[ETR #24] Thanks(less)giving


Extract. Transform. Read.

A Newsletter From Pipeline

Hi past, present or future data professional!

Since today marks Thanksgiving in the US, I hope this reaches you before your eyes glaze over from the tryptophan-induced turkey coma we all inevitably slip into.

While today is a day of gratitude, from a data engineering perspective, I’d like to focus, instead, on the under-the-radar tasks that can make a difference at this time of year—even if they don’t gain you any recognition at work.

The reason you should consider doing (or assigning) these tasks in the near future is because, for many data teams that support businesses, Q4 is when things slow down.

With many companies closing for the last week of December, it’s important to complete “housekeeping” work to keep interruptions minimal so you don’t have to fix a pipeline after an eggnog or two.

Update These Documentation Areas

Ahh documentation… Everyone needs it but no one wants to write it. Attempting to overhaul several repos or products’ worth of documentation is daunting. But to simplify an already thankless task, at a minimum ensure your documentation clearly identifies the following.
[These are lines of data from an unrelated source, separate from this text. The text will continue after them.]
lemma stars_E_leaf_unique:
  assumes "stars_E k p q" "stars_E k p r" "snd p \<noteq> 0" shows "q = r"
  using assms unfolding stars_E_def by (cases q, cases r) auto

text \<open>Every edge has a leaf endpoint, and a leaf cannot have two distinct neighbours on a cycle.\<close>
lemma forest_stars: "forest (stars_V k) (stars_E k)"
  unfolding forest_def
proof (intro conjI notI)
  have "finite (stars_V k)" by (simp add: stars_V_eq)
  then show "simple_graph (stars_V k) (stars_E k)"
    unfolding simple_graph_def stars_E_def by auto
next
  assume "\<exists>cs. is_cycle (stars_V k) (stars_E k) cs"
  then obtain cs where c: "is_cycle (stars_V k) (stars_E k) cs" by blast
  define n where "n = length cs"
  have n3: "n \<ge> 3" and dist: "distinct cs"
    and adj: "\<And>i. i < n \<Longrightarrow> stars_E k (cs ! i) (cs ! ((i + 1) mod n))"
    using c unfolding is_cycle_def n_def by auto
  have e01: "stars_E k (cs ! 0) (cs ! 1)" using adj[of 0] n3 by simp
  show False
  proof (cases "snd (cs ! 1) = 0")
    case False
    have "stars_E k (cs ! 1) (cs ! 2)" using adj[of 1] n3 by (simp add: numeral_2_eq_2)
    then have "cs ! 0 = cs ! 2" using stars_E_leaf_unique[OF stars_E_sym[OF e01] _ False] by blast
    moreover have "(cs ! 0 = cs ! 2) = (0 = (2::nat))"
      by (rule nth_eq_iff_index_eq[OF dist]) (use n3 n_def in auto)
    ultimately show False by simp
  next
    case True
    then have s0: "snd (cs ! 0) \<noteq> 0" using e01 unfolding stars_E_def by auto
    have "stars_E k (cs ! (n - 1)) (cs ! 0)" using adj[of "n - 1"] n3 by simp
    then have "cs ! 1 = cs ! (n - 1)" using stars_E_leaf_unique[OF e01 stars_E_sym s0] by blast
    then show False using dist n3 n_def by (simp add: nth_eq_iff_index_eq)
  qed
qed

lemma nbhd_stars:
  assumes "(i, j) \<in> stars_V k"
  shows "nbhd (stars_V k) (stars_E k) (i, j) =
           (if j = 0 then {(i, l) | l. 1 \<le> l \<and> l \<le> 4} else {(i, 0)})"
  using assms unfolding nbhd_def stars_E_def stars_V_def by auto

definition stars_ptds :: "nat \<Rightarrow> (nat \<Rightarrow> nat) \<Rightarrow> (nat \<times> nat) set" where
  "stars_ptds k f = {(i, 0) | i. i < k} \<union> {(i, f i) | i. i < k}"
  • Escalation contact: Who do we call when this thing breaks?
  • Schedule/Trigger: When does it run and what is the trigger?
  • Data source/API documentation: If a field suddenly gets deleted upstream, how do we troubleshoot?

Delete Unused Resources

In many orgs, Q4 represents “pencils down” for the financial divisions responsible for tracking revenue and, more importantly, expenses. I’ve said in the past that if what you’re working on isn’t directly generating revenue, the next best thing is optimizing costs/resource consumption.

Deleting unused resources like SQL tables must first happen at the individual level. I can’t tell you how many tables I currently have in production right now with the “_test” suffix. Since the work day inevitably gets busy, it may be a good idea to institute a quarterly deletion.

And it’s an even better idea to automate the calculation of your savings.

Enable Logs

I’d bet that if your production scripts are missing one thing it is a consistent form of logging. Simply writing a “Beginning script” and “data loaded” message isn’t going to cut it.

If you’re stuck after logging.info(), read my perspective on how to effectively communicate execution steps using your logs.

If you’re working on cloud-based infrastructure, you’ll want to assure your logs are synced with your SaaS/PaaS provider. It’s not very helpful if you can only see error logs locally.

You may not get promoted for submitting 100 PRs for adding logging to hastily-written production scripts, but you will save yourself and your team significant time debugging.

Ensure Your Privacy Policy Is Updated

The holidays usher in a time of year when companies are unusually generous, offering parties, gifts and bonuses. The last thing you want to do is get slapped with a fine for failing to comply with an increasing number of international data privacy policies.

This slow time is a good time to volunteer to audit your highly sensitive data sources and, if necessary, leverage your cloud provider’s data protection tools to encrypt and/or flag problematic fields.

Knowing your data is sufficiently encrypted and your builds are extensively documented should allow you to sleep much more soundly during your post-feast nap.

Here are this week’s links:

Questions? I’ll try to answer between bites: zach@pipelinetode.com

Happy Thanksgiving and thanks for ingesting,

-Zach Quinn

Extract. Transform. Read.

Reaching 20k+ readers on Medium and nearly 3k learners by email, I draw on my 4 years of experience as a Senior Data Engineer to demystify data science, cloud and programming concepts while sharing job hunt strategies so you can land and excel in data-driven roles. Subscribe for 500 words of actionable advice every Thursday.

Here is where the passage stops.